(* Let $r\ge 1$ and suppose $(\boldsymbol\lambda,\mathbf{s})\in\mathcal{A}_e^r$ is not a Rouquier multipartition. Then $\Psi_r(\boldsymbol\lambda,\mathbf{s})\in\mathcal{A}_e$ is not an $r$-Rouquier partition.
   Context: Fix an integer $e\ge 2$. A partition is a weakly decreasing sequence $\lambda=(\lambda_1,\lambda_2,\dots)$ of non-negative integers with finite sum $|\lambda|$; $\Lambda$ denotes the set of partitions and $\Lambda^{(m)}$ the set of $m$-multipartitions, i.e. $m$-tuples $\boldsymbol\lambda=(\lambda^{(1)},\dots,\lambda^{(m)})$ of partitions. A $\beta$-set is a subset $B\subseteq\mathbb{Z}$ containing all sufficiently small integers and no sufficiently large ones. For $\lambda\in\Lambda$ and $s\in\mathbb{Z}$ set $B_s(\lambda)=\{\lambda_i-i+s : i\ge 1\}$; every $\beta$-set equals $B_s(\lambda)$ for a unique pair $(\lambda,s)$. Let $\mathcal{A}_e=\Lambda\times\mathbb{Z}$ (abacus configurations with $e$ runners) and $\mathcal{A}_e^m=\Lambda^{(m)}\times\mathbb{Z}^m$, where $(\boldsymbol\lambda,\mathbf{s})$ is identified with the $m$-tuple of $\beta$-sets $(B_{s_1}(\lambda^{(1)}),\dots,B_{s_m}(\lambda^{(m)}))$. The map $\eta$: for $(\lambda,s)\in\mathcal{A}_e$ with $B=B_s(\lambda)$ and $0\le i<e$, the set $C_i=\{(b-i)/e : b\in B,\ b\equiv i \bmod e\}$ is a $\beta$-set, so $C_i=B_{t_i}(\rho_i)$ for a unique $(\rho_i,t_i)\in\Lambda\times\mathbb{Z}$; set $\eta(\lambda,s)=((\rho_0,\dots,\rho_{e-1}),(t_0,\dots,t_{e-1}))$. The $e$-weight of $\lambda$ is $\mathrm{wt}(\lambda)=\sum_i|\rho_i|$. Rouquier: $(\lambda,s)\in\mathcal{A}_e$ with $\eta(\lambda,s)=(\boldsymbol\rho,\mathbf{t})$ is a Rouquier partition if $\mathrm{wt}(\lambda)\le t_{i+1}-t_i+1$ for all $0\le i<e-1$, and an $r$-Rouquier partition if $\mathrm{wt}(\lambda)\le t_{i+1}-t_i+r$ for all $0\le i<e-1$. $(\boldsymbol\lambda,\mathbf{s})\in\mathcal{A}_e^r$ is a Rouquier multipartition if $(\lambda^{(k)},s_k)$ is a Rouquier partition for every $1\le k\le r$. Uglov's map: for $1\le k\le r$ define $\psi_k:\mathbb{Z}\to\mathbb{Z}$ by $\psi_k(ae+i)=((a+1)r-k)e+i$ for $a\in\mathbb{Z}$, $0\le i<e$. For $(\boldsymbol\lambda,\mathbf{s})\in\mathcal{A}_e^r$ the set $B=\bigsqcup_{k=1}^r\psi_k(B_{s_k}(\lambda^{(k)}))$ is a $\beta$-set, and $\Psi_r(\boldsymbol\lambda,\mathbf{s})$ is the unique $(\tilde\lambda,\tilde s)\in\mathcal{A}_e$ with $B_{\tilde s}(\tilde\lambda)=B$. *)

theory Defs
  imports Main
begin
==
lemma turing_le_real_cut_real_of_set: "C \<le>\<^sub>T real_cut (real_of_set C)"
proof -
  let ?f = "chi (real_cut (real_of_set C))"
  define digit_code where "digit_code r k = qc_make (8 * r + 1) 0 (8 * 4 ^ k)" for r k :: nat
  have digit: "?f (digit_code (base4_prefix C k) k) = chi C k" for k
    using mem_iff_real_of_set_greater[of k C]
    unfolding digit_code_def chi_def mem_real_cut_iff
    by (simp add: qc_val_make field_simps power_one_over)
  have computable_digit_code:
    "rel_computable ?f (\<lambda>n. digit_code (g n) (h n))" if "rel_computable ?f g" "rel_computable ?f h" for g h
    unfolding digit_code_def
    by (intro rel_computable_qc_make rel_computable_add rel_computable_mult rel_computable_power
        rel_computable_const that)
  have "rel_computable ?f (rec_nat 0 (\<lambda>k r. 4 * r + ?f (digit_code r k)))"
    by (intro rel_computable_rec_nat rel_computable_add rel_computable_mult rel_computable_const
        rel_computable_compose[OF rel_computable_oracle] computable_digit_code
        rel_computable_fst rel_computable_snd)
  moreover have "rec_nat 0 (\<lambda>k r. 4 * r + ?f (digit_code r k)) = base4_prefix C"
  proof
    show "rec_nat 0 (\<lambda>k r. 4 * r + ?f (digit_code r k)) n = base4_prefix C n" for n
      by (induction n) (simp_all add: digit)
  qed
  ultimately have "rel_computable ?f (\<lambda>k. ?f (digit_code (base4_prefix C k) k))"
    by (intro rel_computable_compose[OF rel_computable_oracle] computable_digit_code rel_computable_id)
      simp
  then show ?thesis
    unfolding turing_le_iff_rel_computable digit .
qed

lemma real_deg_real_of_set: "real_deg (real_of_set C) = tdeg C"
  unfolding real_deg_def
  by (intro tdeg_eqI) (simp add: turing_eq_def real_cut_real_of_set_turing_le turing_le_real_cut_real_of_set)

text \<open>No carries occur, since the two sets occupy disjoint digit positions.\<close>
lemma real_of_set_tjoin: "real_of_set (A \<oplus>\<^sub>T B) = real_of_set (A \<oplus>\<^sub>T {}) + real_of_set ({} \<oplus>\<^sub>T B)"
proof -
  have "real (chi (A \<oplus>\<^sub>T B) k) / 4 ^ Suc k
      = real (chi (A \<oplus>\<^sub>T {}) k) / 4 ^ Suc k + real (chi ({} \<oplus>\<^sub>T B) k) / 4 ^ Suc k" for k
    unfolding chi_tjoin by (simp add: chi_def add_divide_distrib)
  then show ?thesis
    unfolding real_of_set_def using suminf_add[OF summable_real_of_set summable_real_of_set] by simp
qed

== EXERCISE DIRECTIONS ==
An exact, complete copy of the lines above from the one with "by (intro rel_computable_rec_nat" through the one with "unfolding real_deg_def" is the whole answer.

== RESULT OF THE EXERCISE ==
    by (intro rel_computable_rec_nat rel_computable_add rel_computable_mult rel_computable_const
        rel_computable_compose[OF rel_computable_oracle] computable_digit_code
        rel_computable_fst rel_computable_snd)
  moreover have "rec_nat 0 (\<lambda>k r. 4 * r + ?f (digit_code r k)) = base4_prefix C"
  proof
    show "rec_nat 0 (\<lambda>k r. 4 * r + ?f (digit_code r k)) n = base4_prefix C n" for n
      by (induction n) (simp_all add: digit)
  qed
  ultimately have "rel_computable ?f (\<lambda>k. ?f (digit_code (base4_prefix C k) k))"
    by (intro rel_computable_compose[OF rel_computable_oracle] computable_digit_code rel_computable_id)
      simp
  then show ?thesis
    unfolding turing_le_iff_rel_computable digit .
qed

lemma real_deg_real_of_set: "real_deg (real_of_set C) = tdeg C"
  unfolding real_deg_def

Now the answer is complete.